Libyan War feared could affect crude oil prices reaching the highest level, that is $ 140 per barrel as it was in 2008. On Monday, March 21, 2011, oil prices exceeded $ 103 per barrel. Oil prices shot after Libyan leader Moammar Gaddafi vowed would be a "long war" when the allied military attacks on countries that joined in the OPEC. Coalition of the United States, France, Britain and other countries with a bomb attack by tanks and air strikes. Gaddafi said he would not resign and promised to continue the attack on the fort east of Benghazi. The fighting that occurred over the last month is feared to stop crude oil production by 1.6 million barrels per day.
Investors are now worried about intervention from the international community to expand the conflict and hamper Libya's oil production from the previous estimate."The regime in Tripoli showed no signs of surrender. In a prolonged loss of Libyan oil to push prices up to the highest level to above U.S. $ 140 that occurred in 2008," Capital Economics wrote the report.
Gaddafi also warned the west not going to get Libyan oil, and declared his forces could sabotage crude oil. "Scorched earth response from Gaddafi to cause disruption of the voyages in the Mediterranean," said the consultant of The Schork Report. In the afternoon, the price of crude oil for April delivery rose U.S. $ 2.12 to U.S. $ 103.19/barrels on the New York Mercantile Exchange trading after being down 35 cents on Friday that fester in the U.S. $ 101.7/barrels.

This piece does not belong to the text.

(* Let the sequences be generated by Algorithm iMBA and suppose Assumptions 2, 3 and 4 hold. Then there exist $\widehat k\in\mathbb{N}$ and $\beta_{\overline\lambda}>0$ such that for each $k\ge\widehat k$ there is a vector $\overline\lambda^k\in\mathcal M(u^k,\overline x^k)$ with $\|\overline\lambda^k\|\le\beta_{\overline\lambda}$.
   Context: Problem (P): $\min_{x\in\mathbb{R}^n}F(x):=g_0(x)+\delta_{\mathbb{R}^m_-}(g(x))+\phi(x)$, where $g=(g_1,\dots,g_m)^\top$ and $\delta_{\mathbb{R}^m_-}$ is the indicator of the nonpositive orthant. Assumption 1 (standing): (i) $g_0:\mathbb{R}^n\to(-\infty,\infty]$ is locally Lipschitz and upper-$\mathcal C^2$ at every point of an open convex set $\mathcal O\supset\Gamma:=\{x:g(x)\in\mathbb{R}^m_-\}\neq\emptyset$, and each $g_i:\mathbb{R}^n\to\mathbb{R}$, $i\in[m]$, is locally Lipschitz and upper-$\mathcal C^2$ at every point of $\mathbb{R}^n$; (ii) $\phi:\mathbb{R}^n\to\mathbb{R}$ is convex and $F$ is bounded below on $\Gamma$. $\partial$ denotes the limiting subdifferential; $\partial g(x):=\{V\in\mathbb{R}^{n\times m}: V_i\in\partial g_i(x)\ \forall i\}$. Define $G(x,s,V,L):=g(s)+V^\top(x-s)+\tfrac12\|x-s\|^2L$. Algorithm iMBA (parameters $0<\mu_{\min}\le\mu_{\max}$, $0<L_{\min}\le L_{\max}$, $M,\beta_C,\beta_S,\alpha>0$, $\tau>1$, $x^0\in\Gamma$): at iteration $k$ choose $\xi^k\in\partial g_0(x^k)$, $V^k\in\partial g(x^k)$, $\mu_{k,0}\in[\mu_{\min},\mu_{\max}]$, $L^{k,0}\in[L_{\min},L_{\max}]^m$; for $j=0,1,\dots$ choose self-adjoint $\mathcal Q_{k,j}$ with $\mu_{k,j}\mathcal I\preceq\mathcal Q_{k,j}\preceq(\mu_{k,j}+M)\mathcal I$, let $F_{k,j}(x):=g_0(x^k)+\langle\xi^k,x-x^k\rangle+\frac12\langle x-x^k,\mathcal Q_{k,j}(x-x^k)\rangle+\phi(x)$, $\Gamma_{k,j}:=\{x:G(x,x^k,V^k,L^{k,j})\in\mathbb{R}^m_-\}$, $\overline x^{k,j}$ the unique minimizer of $F_{k,j}$ on $\Gamma_{k,j}$, and compute $y^{k,j}$, $v^{k,j}\in\partial\phi(y^{k,j})$, $\lambda^{k,j}\in\mathbb{R}^m_+$ with $F_{k,j}(y^{k,j})\le F_{k,j}(x^k)$, $(-\langle\lambda^{k,j},G(y^{k,j},x^k,V^k,L^{k,j})\rangle)_++\|[G(y^{k,j},x^k,V^k,L^{k,j})]_+\|_\infty\le\frac{\beta_C}2\|y^{k,j}-x^k\|^2$ and $\|\xi^k+\mathcal Q_{k,j}(y^{k,j}-x^k)+v^{k,j}+V^k\lambda^{k,j}+\langle L^{k,j},\lambda^{k,j}\rangle(y^{k,j}-x^k)\|\le\beta_S\|y^{k,j}-x^k\|$. If $g(y^{k,j})\in\mathbb{R}^m_-$ and $F(y^{k,j})\le F(x^k)-\frac\alpha2\|y^{k,j}-x^k\|^2$, accept ($j_k:=j$); else if $g(y^{k,j})\notin\mathbb{R}^m_-$ set $L^{k,j+1}=\tau L^{k,j}$, $\mu_{k,j+1}=\mu_{k,j}$; else $L^{k,j+1}=L^{k,j}$, $\mu_{k,j+1}=\tau\mu_{k,j}$. Then $x^{k+1}:=y^{k,j_k}$, $(\mu_k,\mathcal Q_k,L^k,v^{k+1},\lambda^{k+1}):=(\mu_{k,j_k},\mathcal Q_{k,j_k},L^{k,j_k},v^{k,j_k},\lambda^{k,j_k})$, $\overline x^k:=\overline x^{k,j_k}$. Assumption 2: for each $k,j$, the multifunction $x\mapsto G(x,x^k,V^k,L^{k,j})-\mathbb{R}^m_-$ is metrically subregular at $(\overline x^{k,j},0)$. Assumption 3: $\{x^k\}$ is bounded; $\omega(x^0)$ denotes its set of cluster points. Parametric data: $\mathbb U:=\mathbb{R}^n\times\mathbb{R}^m_+\times\mathbb{R}^{n\times m}\times\mathbb{R}^n\times\mathbb S_+$ ($\mathbb S_+$ = positive semidefinite self-adjoint linear maps on $\mathbb{R}^n$); for $u=(s,L,V,\xi,\mathcal Q)$: $\theta(u,x):=g_0(s)+\langle\xi,x-s\rangle+\frac12\langle x-s,\mathcal Q(x-s)\rangle$, $H(u,x):=G(x,s,V,L)$, so $\nabla_xH(u,x)\lambda=V\lambda+\langle L,\lambda\rangle(x-s)$; $\mathcal S(u):=\{x:H(u,x)\in\mathbb{R}^m_-\}$; $\Lambda(u,x,y):=\{\lambda\in\mathcal N_{\mathbb{R}^m_-}(H(u,x)):\nabla_xH(u,x)\lambda=y\}$; $\mathcal M(u,x):=\{\lambda\in\mathcal N_{\mathbb{R}^m_-}(H(u,x)):0\in\nabla_x\theta(u,x)+\partial\phi(x)+\nabla_xH(u,x)\lambda\}$. The constraint system satisfies the partial bounded multiplier property (BMP) w.r.t. $x$ at $(u^*,x^* )$ with $x^*\in\mathcal S(u^* )$ if there exist $\kappa>0$ and a neighborhood $\mathcal U\times\mathcal V$ of $(u^*,x^* )$ such that for all $u\in\mathcal U$, $x\in\mathcal V\cap\mathcal S(u)$ and $y\in\mathcal N_{\mathcal S(u)}(x)$, $\Lambda(u,x,y)\cap\{\lambda:\|\lambda\|\le\kappa\|y\|\}\neq\emptyset$. Let $u^k:=(x^k,L^k,V^k,\xi^k,\mathcal Q_k)$. Assumption 4: the partial BMP w.r.t. $x$ holds at every cluster point of $\{(u^k,\overline x^k)\}_{k\in\mathbb{N}}$. *)

theory Defs
  imports "HOL-Analysis.Analysis"
begin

With the rising stock market last Monday, as the optimistic attitude of Japan to improve the condition of radiation that occurred at Fukushima nuclear power plant, analysts said the demand for energy in this country the third largest economy will decline and stay on top limit on the price of oil. "Japan's Nuclear Disaster is likely to impact a very long time, meaning that Japan's economic recovery may be slow and annoying," said Edward Meir at MF Global in New York. He added that this situation will continue to drag energy prices in world markets.